Indonesia’s Economic Problems: Asia’s Big Bad Economy

Indonesia’s Economic Problems: Asia's Big Bad Economy

Last updated January 20th, 2024.


Indonesia enjoys Southeast Asia’s largest economy. Sadly, numerous problems make it one of the ASEAN region’s worst-performing economies.

They’ve lagged behind frontier market peers such as Vietnam and the Philippines over the past decade.

Meanwhile, Indonesia’s annual GDP growth was stagnant at around the 5% range during that time – which is rather mediocre for an emerging economy.

Indonesia’s economic problems will unfortunately keep posing a big challenge in 2024 and beyond. Many issues can be solved with time and money. Yet others are structural by nature and will stay around for a while.

Fixing Indonesia’s economic issues will require a greater effort amount than anyone is putting forth right now. Both the government and private sector are falling behind on implementation, even if there are plenty of meetings and empty talks.


Major Problems in Indonesia

For starters, let’s take a look at some good things about the Indonesian market. The nation is Southeast Asia’s biggest in terms of both population and economic size.

Indonesia is among the world’s largest exporters of petroleum and palm oil, with its manufacturing sector taking market share away from China each year.

Furthermore, they’ve only had a single year of negative GDP growth since the 1998 Asian Financial Crisis. That’s more than 20 years without a major recession.

Broader concerns still overshadow these positive traits though. Problems in Indonesia include slower economic growth, pressure on the state budget.

Hot issues in Indonesia also include its widening deficit, the plunging rupiah currency, and a sheer lack of competitiveness compared to elsewhere in Southeast Asia.

Needless to say, such trends are extremely worrying for Indonesia’s long term economic prospects.


Indonesia’s economy is Southeast Asia’s largest, while Jakarta is the de-facto capital of ASEAN. Sadly, neither Indonesia nor Jakarta is living up to their full potential.

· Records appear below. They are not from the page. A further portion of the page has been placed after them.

lemma circular_cone_perp_less:
  fixes x z :: "'a::real_inner"
  assumes r: "0 \<le> r" "r \<le> pi / 2" and z: "z \<in> circular_cone x r"
  shows "(norm z)\<^sup>2 - (inner x z)\<^sup>2 < (r * norm z)\<^sup>2"
proof -
  have "0 \<le> cos r"
    using r by (intro cos_ge_zero) auto
  then have "(cos r * norm z)\<^sup>2 < (inner x z)\<^sup>2"
    using mem_circular_cone_iff z by blast
  then have "(norm z)\<^sup>2 - (inner x z)\<^sup>2 < (sin r * norm z)\<^sup>2"
    by (simp add: sin_squared_eq algebra_simps)
  also have "\<dots> \<le> (r * norm z)\<^sup>2"
    using r sin_x_le_x[of r] sin_ge_zero[of r] by (intro power_mono mult_right_mono) auto
  finally show ?thesis .
qed

lemma circular_cone_inter_ball_subset_balls:
  fixes x :: "'a::real_inner"
  assumes x: "norm x = 1" and r: "0 < r" "r < 1"
  shows "circular_cone x r \<inter> ball 0 1 \<subseteq> (\<Union>k\<le>nat \<lfloor>1/r\<rfloor>. ball ((real k * r) *\<^sub>R x) (2 * r))"
proof
  fix z assume z_mem: "z \<in> circular_cone x r \<inter> ball 0 1"
  have "0 \<le> cos r"
    using r pi_gt3 by (intro cos_ge_zero) auto
  then have s: "0 < inner x z" and z: "norm z < 1"
    using z_mem mem_circular_cone_iff[of r z x] by auto
  define k where "k = nat \<lfloor>inner x z / r\<rfloor>"
  have "real k = \<lfloor>inner x z / r\<rfloor>"
    using s(1) r unfolding k_def by simp
  then have "real k \<le> inner x z / r" "inner x z / r < real k + 1"
    using of_int_floor_le[of "inner x z / r"] real_of_int_floor_add_one_gt[of "inner x z / r"]
    by linarith+
  then have k: "real k * r \<le> inner x z" "inner x z < real k * r + r"
    using r by (simp_all add: field_simps)
  have "inner x z \<le> norm z"
    using norm_cauchy_schwarz[of x z] x by simp
  then have "k \<le> nat \<lfloor>1/r\<rfloor>"
    unfolding k_def using z r by (intro nat_mono floor_mono divide_right_mono) auto
  have "(norm z)\<^sup>2 - (inner x z)\<^sup>2 < (r * norm z)\<^sup>2"
    using z_mem r pi_gt3 by (intro circular_cone_perp_less) auto
  also have "\<dots> \<le> r\<^sup>2"
    using r z by (intro power_mono mult_left_le) auto
  finally have "(norm z)\<^sup>2 - (inner x z)\<^sup>2 < r\<^sup>2" .
  moreover have "(inner x z - real k * r)\<^sup>2 \<le> r\<^sup>2"
    using k by (intro power_mono) linarith+
  ultimately have "(norm (z - (real k * r) *\<^sub>R x))\<^sup>2 < r\<^sup>2 + r\<^sup>2"
    unfolding norm_diff_scaleR_unit_sq[OF x, of z "real k * r"] by (rule add_less_le_mono)
  also have "\<dots> \<le> (2 * r)\<^sup>2"
    by (simp add: power2_eq_square)
  finally have "norm (z - (real k * r) *\<^sub>R x) < 2 * r"
    by (rule power2_less_imp_less) (use r in simp)
  then have "z \<in> ball ((real k * r) *\<^sub>R x) (2 * r)"
    by (simp add: dist_norm norm_minus_commute)
  then show "z \<in> (\<Union>k\<le>nat \<lfloor>1/r\<rfloor>. ball ((real k * r) *\<^sub>R x) (2 * r))"
    using \<open>k \<le> nat \<lfloor>1/r\<rfloor>\<close> by blast
qed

So far, the World Bank has maintained Indonesia’s GDP growth forecast of 4.9% in 2024 and 2025 – among the lowest in Southeast Asia, even if impressive in a global context.

Regardless, the mere fact that GDP growth in Indonesia is slowing while the current account deficit continues to widen is causing great concern.

Because of a number of cyclical factors, it’s not unusual for Indonesia’s current account deficit to increase during the second quarter of each year.

However, Indonesia’s deficit rose substantially despite its overall decelerating economy. That would normally be favorable for any nation’s current account.

Yet another problem in Indonesia is its massive amount of government expenditure allocated to fuel price subsidies.

President Widodo lowered subsidies, which mostly favor the country’s upper and middle class. Nonetheless, fuel subsidies still account for more than 15% of Indonesia’s total state budget.

And, of course, taxpayers will keep spending money, which could potentially go towards better things.


Bad Planning Worsens Indonesia’s Economic Issues

Quite frankly, Indonesia must step up its game if it wants to become a winner in the ASEAN Economic Community (AEC).

What exactly is the AEC? Well, it’s a regional economic bloc that will bring even greater competition between the ten member states of ASEAN.

AEC aims to transform Southeast Asia into a single economic union for trade, labor, and investment. That said, Indonesia is lagging behind many of its neighbors in getting ready for the initiative.

Lawmakers must change several policies to not just comply with the AEC’s standards but also for Indonesia to compete with its neighbors regardless of the community.

Required changes include allowing companies in all industries to legally have majority foreign ownership, cutting government bureaucracy, and removing protectionist barriers.

Foreigners can’t truly own property in Indonesia, either. It’s only possible to buy real estate on a freehold basis if you’re a citizen.

Indonesia isn’t alone, though. Right now, just two countries in Southeast Asia have reached full compliance with the ASEAN Economic Community’s requirements: Malaysia and Singapore.

Granted, those are also the region’s two most developed economies, so it’s probably not coincidental that they’re ahead.

We still think Indonesia’s massive population of 250 million people, strong demographics, and rising middle class bode well for the country’s future. But Indonesia’s economic problems can only be solved if they can learn a thing or two from their neighbors.

If you’re a real estate or stock investor, consider looking elsewhere for your frontier market exposure.

Frontier markets such as Cambodia and Vietnam, among other countries in ASEAN, have much of Indonesia’s upside and less of its drawbacks.